— Task description —
Take every line from the material that has the word "with" in it.

— Material provided —
....

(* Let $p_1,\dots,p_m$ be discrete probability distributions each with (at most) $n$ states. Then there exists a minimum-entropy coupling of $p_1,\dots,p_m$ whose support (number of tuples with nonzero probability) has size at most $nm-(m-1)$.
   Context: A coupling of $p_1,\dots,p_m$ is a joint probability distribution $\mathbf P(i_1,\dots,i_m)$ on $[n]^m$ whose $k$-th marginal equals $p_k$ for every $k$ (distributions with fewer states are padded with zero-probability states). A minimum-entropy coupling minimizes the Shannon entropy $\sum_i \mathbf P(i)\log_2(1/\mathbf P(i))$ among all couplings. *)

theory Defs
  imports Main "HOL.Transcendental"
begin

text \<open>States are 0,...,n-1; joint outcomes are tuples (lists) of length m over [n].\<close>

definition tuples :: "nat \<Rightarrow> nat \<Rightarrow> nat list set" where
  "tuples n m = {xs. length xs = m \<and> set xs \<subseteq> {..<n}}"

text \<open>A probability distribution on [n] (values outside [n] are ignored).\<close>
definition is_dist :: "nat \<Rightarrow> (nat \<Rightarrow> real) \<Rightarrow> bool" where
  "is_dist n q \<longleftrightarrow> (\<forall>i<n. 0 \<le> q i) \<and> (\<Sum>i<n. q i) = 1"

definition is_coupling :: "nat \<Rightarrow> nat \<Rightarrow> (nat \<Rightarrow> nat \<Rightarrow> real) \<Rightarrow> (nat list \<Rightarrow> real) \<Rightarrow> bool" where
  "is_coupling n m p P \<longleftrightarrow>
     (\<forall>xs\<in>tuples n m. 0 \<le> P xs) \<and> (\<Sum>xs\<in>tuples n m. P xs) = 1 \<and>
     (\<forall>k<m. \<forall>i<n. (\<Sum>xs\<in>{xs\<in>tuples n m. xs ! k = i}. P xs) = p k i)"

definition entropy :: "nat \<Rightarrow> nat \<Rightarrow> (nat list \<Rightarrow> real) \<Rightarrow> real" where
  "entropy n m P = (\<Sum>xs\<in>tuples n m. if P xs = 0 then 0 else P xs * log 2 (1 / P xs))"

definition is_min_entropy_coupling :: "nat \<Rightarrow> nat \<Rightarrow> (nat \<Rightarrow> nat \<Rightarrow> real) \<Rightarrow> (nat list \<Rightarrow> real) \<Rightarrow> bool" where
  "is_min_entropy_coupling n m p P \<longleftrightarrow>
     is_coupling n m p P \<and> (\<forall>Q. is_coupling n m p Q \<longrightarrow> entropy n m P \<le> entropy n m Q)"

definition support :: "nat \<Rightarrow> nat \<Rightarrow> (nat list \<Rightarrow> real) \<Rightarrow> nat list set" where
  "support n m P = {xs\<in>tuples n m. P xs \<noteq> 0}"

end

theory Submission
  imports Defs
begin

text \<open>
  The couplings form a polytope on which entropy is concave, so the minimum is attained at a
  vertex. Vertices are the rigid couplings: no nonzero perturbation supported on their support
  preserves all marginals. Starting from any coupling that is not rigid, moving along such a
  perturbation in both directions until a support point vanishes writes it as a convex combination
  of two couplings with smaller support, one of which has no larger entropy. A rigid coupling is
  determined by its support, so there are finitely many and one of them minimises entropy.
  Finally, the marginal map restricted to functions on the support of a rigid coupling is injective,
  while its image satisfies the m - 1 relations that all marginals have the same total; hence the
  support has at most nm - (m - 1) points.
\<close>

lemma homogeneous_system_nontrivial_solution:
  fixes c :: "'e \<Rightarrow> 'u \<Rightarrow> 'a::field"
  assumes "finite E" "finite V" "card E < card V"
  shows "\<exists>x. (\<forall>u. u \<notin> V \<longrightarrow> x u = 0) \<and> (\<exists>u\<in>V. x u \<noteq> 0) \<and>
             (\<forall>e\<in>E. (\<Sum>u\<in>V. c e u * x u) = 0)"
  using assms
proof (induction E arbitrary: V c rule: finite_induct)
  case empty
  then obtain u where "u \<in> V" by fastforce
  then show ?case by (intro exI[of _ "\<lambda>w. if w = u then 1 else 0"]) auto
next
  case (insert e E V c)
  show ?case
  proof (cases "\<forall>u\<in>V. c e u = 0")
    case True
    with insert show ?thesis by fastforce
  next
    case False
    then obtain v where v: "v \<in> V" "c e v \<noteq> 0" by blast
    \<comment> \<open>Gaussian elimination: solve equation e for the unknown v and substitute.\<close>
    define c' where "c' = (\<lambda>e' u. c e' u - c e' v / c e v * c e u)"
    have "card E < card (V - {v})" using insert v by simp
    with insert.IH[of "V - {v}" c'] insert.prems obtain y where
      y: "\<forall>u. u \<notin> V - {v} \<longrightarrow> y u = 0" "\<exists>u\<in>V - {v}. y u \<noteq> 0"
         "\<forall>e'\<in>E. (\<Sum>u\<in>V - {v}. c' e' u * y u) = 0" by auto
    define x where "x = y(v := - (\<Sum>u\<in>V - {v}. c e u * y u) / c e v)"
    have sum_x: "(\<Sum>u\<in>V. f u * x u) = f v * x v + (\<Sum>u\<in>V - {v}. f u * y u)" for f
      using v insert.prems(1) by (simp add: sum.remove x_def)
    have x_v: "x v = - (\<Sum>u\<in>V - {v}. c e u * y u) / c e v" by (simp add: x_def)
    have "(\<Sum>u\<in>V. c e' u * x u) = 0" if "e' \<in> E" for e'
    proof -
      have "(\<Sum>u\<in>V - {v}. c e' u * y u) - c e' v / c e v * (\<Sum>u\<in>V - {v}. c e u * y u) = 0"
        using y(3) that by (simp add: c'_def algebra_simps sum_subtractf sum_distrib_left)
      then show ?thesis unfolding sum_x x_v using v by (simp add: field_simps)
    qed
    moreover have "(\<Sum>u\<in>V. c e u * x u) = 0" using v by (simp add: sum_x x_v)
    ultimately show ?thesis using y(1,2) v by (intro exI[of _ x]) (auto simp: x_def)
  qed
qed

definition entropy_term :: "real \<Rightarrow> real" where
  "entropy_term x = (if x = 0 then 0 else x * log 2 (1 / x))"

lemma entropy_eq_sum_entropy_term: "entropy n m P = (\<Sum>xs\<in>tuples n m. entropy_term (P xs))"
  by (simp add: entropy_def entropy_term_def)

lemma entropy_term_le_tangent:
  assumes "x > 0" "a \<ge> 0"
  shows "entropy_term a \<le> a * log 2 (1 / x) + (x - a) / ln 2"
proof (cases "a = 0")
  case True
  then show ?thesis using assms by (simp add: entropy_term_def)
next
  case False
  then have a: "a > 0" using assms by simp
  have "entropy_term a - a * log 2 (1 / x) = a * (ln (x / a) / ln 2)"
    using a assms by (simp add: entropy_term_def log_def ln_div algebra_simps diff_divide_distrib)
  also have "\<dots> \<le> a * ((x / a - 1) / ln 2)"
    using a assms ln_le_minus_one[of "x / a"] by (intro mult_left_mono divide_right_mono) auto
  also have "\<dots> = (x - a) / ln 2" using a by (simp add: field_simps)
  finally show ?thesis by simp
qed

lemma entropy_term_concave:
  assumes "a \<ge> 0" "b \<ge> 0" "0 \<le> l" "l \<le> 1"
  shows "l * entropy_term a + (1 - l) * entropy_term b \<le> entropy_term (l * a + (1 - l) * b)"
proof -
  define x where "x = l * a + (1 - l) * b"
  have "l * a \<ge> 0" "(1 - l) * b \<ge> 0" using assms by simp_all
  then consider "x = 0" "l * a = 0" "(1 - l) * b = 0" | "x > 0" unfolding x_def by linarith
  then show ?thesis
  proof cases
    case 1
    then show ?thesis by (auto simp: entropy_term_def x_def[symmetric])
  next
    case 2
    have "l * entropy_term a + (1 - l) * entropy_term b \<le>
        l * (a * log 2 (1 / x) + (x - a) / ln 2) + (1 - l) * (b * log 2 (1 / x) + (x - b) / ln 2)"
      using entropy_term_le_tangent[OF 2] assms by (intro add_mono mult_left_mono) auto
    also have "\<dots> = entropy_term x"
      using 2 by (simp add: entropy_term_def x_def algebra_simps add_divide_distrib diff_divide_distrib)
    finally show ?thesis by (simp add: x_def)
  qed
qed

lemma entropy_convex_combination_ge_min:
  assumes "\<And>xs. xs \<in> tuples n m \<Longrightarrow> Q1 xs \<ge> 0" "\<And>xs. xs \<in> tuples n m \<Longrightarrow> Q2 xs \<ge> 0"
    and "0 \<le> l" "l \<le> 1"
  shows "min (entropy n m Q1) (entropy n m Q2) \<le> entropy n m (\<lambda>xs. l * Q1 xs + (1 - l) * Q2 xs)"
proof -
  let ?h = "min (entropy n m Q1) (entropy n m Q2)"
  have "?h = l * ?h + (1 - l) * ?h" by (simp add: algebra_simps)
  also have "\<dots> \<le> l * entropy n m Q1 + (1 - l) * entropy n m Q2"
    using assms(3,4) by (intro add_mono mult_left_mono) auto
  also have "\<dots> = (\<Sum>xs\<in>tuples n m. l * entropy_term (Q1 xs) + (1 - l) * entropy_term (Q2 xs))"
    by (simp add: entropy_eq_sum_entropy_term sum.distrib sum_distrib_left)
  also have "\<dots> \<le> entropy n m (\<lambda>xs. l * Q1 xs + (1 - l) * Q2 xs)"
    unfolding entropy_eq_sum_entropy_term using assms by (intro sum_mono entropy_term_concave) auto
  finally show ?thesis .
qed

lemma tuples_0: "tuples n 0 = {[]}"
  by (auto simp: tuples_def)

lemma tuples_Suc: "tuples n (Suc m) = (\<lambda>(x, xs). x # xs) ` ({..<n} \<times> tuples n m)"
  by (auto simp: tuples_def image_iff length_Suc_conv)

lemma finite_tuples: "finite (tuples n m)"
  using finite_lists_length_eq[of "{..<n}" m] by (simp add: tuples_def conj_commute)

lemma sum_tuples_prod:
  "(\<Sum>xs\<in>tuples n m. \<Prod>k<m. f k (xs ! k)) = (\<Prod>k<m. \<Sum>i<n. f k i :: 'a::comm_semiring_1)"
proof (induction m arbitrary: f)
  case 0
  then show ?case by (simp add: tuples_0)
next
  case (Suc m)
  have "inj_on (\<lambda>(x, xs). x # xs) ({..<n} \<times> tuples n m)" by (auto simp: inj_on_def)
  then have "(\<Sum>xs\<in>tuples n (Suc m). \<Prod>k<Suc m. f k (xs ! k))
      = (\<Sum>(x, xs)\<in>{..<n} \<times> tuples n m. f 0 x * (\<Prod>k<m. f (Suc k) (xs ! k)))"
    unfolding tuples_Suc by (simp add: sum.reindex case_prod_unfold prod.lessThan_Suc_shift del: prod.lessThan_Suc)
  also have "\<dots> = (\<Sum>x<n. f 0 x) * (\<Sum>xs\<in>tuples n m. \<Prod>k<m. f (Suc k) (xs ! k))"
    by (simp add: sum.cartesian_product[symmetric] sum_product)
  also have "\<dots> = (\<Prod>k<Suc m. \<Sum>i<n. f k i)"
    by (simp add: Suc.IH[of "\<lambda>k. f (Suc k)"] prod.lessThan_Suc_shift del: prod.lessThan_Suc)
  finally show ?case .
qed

....

— Result —
(* Let $p_1,\dots,p_m$ be discrete probability distributions each with (at most) $n$ states. Then there exists a minimum-entropy coupling of $p_1,\dots,p_m$ whose support (number of tuples with nonzero probability) has size at most $nm-(m-1)$.
   Context: A coupling of $p_1,\dots,p_m$ is a joint probability distribution $\mathbf P(i_1,\dots,i_m)$ on $[n]^m$ whose $k$-th marginal equals $p_k$ for every $k$ (distributions with fewer states are padded with zero-probability states). A minimum-entropy coupling minimizes the Shannon entropy $\sum_i \mathbf P(i)\log_2(1/\mathbf P(i))$ among all couplings. *)
  of two couplings with smaller support, one of which has no larger entropy. A rigid coupling is
    with insert show ?thesis by fastforce
    with insert.IH[of "V - {v}" c'] insert.prems obtain y where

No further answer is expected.